Unbeknownst to the subjects, the experimenter secretly filled in another form, which was then swapped with the original one without the subject noticing. In this new form, some of the responses were changed on the scale to be on the other side of the party bloc boundary, compared to what the subject had originally responded. Subjects were then asked to give their reasons for marking the questions where the answers had been manipulated.

Very few discovered that any of the answers had been changed (92 percent accepted the manipulated form as their own). Surprisingly, for 48 percent of the subjects, their answers indicated a shift toward supporting the opposing party due to the manipulation, compared to what they had originally indicated. This figure is significantly higher than the 10 percent that political scientists and politicians usually think can be influenced before an election.

When the trick was revealed to the subjects, many admitted they were not as ideologically committed as they had thought. Conversely, many were relieved that they had not actually switched sides, saying, "Phew, I'm not a conservative after all!"

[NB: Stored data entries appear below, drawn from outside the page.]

theorem small_hitting_subset_exists:
  assumes "simple_graph V E" "at_most_one_cycle E" "meets_max_indep_sets V E Z"
  shows "has_small_hitting_subset V E Z"
  using assms
proof (induction "card V" arbitrary: V E Z rule: less_induct)
  case less
  note G = less.prems(1) and Z = less.prems(3)
  have IH: "small_hitting_after_deletions V E"
    unfolding small_hitting_after_deletions_def
  proof (intro allI impI)
    fix S Z' assume "S \<inter> V \<noteq> {}" "meets_max_indep_sets (V - S) (edges_avoiding E S) Z'"
    moreover have "card (V - S) < card V"
      using \<open>S \<inter> V \<noteq> {}\<close> simple_graph_finite[OF G] by (intro psubset_card_mono) auto
    ultimately show "has_small_hitting_subset (V - S) (edges_avoiding E S) Z'"
      using less.hyps simple_graph_delete[OF G] at_most_one_cycle_delete[OF less.prems(2)] by blast
  qed
  show ?case
  proof (cases "\<forall>z\<in>V. \<exists>y1 y2. y1 \<noteq> y2 \<and> {z, y1} \<in> E \<and> {z, y2} \<in> E")
    case True
    then show ?thesis
      using small_hitting_subset_min_degree_two[OF G less.prems(2) IH _ Z] by blast
  next
    case False
    then obtain x where x: "x \<in> V" "\<And>y1 y2. {x, y1} \<in> E \<Longrightarrow> {x, y2} \<in> E \<Longrightarrow> y1 = y2"
      by blast
    show ?thesis
    proof (cases "\<exists>y. {x, y} \<in> E")
      case True
      then obtain y where "{x, y} \<in> E"
        by blast
      then have "pendant_edge V E x y"
        using G x(2) by unfold_locales blast+
      then show ?thesis
        by (rule small_hitting_subset_pendant_edge[OF _ IH Z])
    next
      case False
      then show ?thesis
        using small_hitting_subset_isolated[OF G IH x(1) _ Z] by blast
    qed
  qed
qed

lemma card_le_3_obtain:
  assumes "finite T" "T \<noteq> {}" "card T \<le> 3"
  obtains u v w where "T = {u, v, w}"
proof -
  have "card T \<noteq> 0"
    using assms(1,2) by simp
  then have "card T \<in> {1, 2, 3}"
    using assms(3) by auto
  then show ?thesis
    using that by (auto simp: card_1_singleton_iff card_2_iff card_3_iff)
qed

lemma alpha_del_verts: "case_prod alpha (del_verts V E S) = alpha (V - S) (edges_avoiding E S)"
  by (simp add: del_verts_def edges_avoiding_def)

theorem lemma4:
  fixes V :: "'a set" and E :: "'a set set" and Z :: "'a set"
  assumes "pseudotree V E"
    and "alpha V E > case_prod alpha (del_verts V E Z)"
  shows "\<exists>u v w. u \<in> Z \<inter> V \<and> v \<in> Z \<inter> V \<and> w \<in> Z \<inter> V \<and>
           alpha V E > case_prod alpha (del_verts V E {u, v, w})"
proof -
  have G: "simple_graph V E" and E: "at_most_one_cycle E"
    using assms(1) unfolding pseudotree_def at_most_one_cycle_def by auto
  have V: "finite V"
    using G by (rule simple_graph_finite)
  have "meets_max_indep_sets V E Z"
    using assms(2) meets_max_indep_sets_iff_alpha_less[OF V] by (simp add: alpha_del_verts)
  then have "has_small_hitting_subset V E Z"
    by (rule small_hitting_subset_exists[OF G E])
  then obtain T where T: "T \<subseteq> Z \<inter> V" "card T \<le> hitting_bound E" "meets_max_indep_sets V E T"
    unfolding has_small_hitting_subset_def by blast
  have "finite T"
    using T(1) V by (meson finite_subset inf_le2 order_trans)
  moreover have "T \<noteq> {}"
    using meets_max_indep_sets_nonempty[OF V T(3)] by blast
  moreover have "card T \<le> 3"
    using T(2) unfolding hitting_bound_def by (auto split: if_splits)
  ultimately obtain u v w where "T = {u, v, w}"
    by (rule card_le_3_obtain)
  moreover have "alpha (V - T) (edges_avoiding E T) < alpha V E"
    using T(3) meets_max_indep_sets_iff_alpha_less[OF V] by blast
  ultimately show ?thesis
    using T(1) by (auto simp: alpha_del_verts)
qed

You think you choose what you prefer. But sometimes you prefer what you choose. To prove it, all you have to do is pull out photos of yourself from a decade ago. The hairstyle and clothing you wore at that time seemed like your personal choices. However, in hindsight, you realize how much you were influenced by the fashion trend of the time, and that the choices you made were heavily influenced by social norms.

It can be demonstrated that your choices also affect your preferences: In a follow-up to the photo selection experiment involving women, subjects were asked to choose between the same pair of faces at a later date. Remarkably, for those pairs where subjects were given the photo that they had originally not chosen, they now selected that photo significantly more often. In other words, the mere belief they had previously chosen the other woman made them choose her on the later occasion.

The experiments presented here pose major problems for those who assert that humans have completely free will. What we perceive as free choice is in many cases dictated by mechanisms of which we are unaware, and perhaps cannot even become aware of. Our perception of free will may largely be an illusion. It is even uncertain if a "self" governs our actions. In fact, the choice blindness experiments show that we rely more on what we see with our eyes than what we were thinking when we made the choice.

References

Johansson, P., Hall, L., Sikström, S. & Olsson, A. (2005): Failure to detect mismatches between intention and outcome in a simple decision task, Science 310, 116-119.

Hall, L., Johansson, P., Tärning, B., Sikström, S., & Deutgen, T. (2010). Magic at the marketplace: Choice blindness for the taste of jam and the smell of tea. Cognition, 117(1), 54-61.

Hall, L. Johansson, P. & Strandberg, T. (2012): Lifting the veil of morality: Choice blindness and attitude reversals on a self-transforming survey, PLoS One 7, e45457.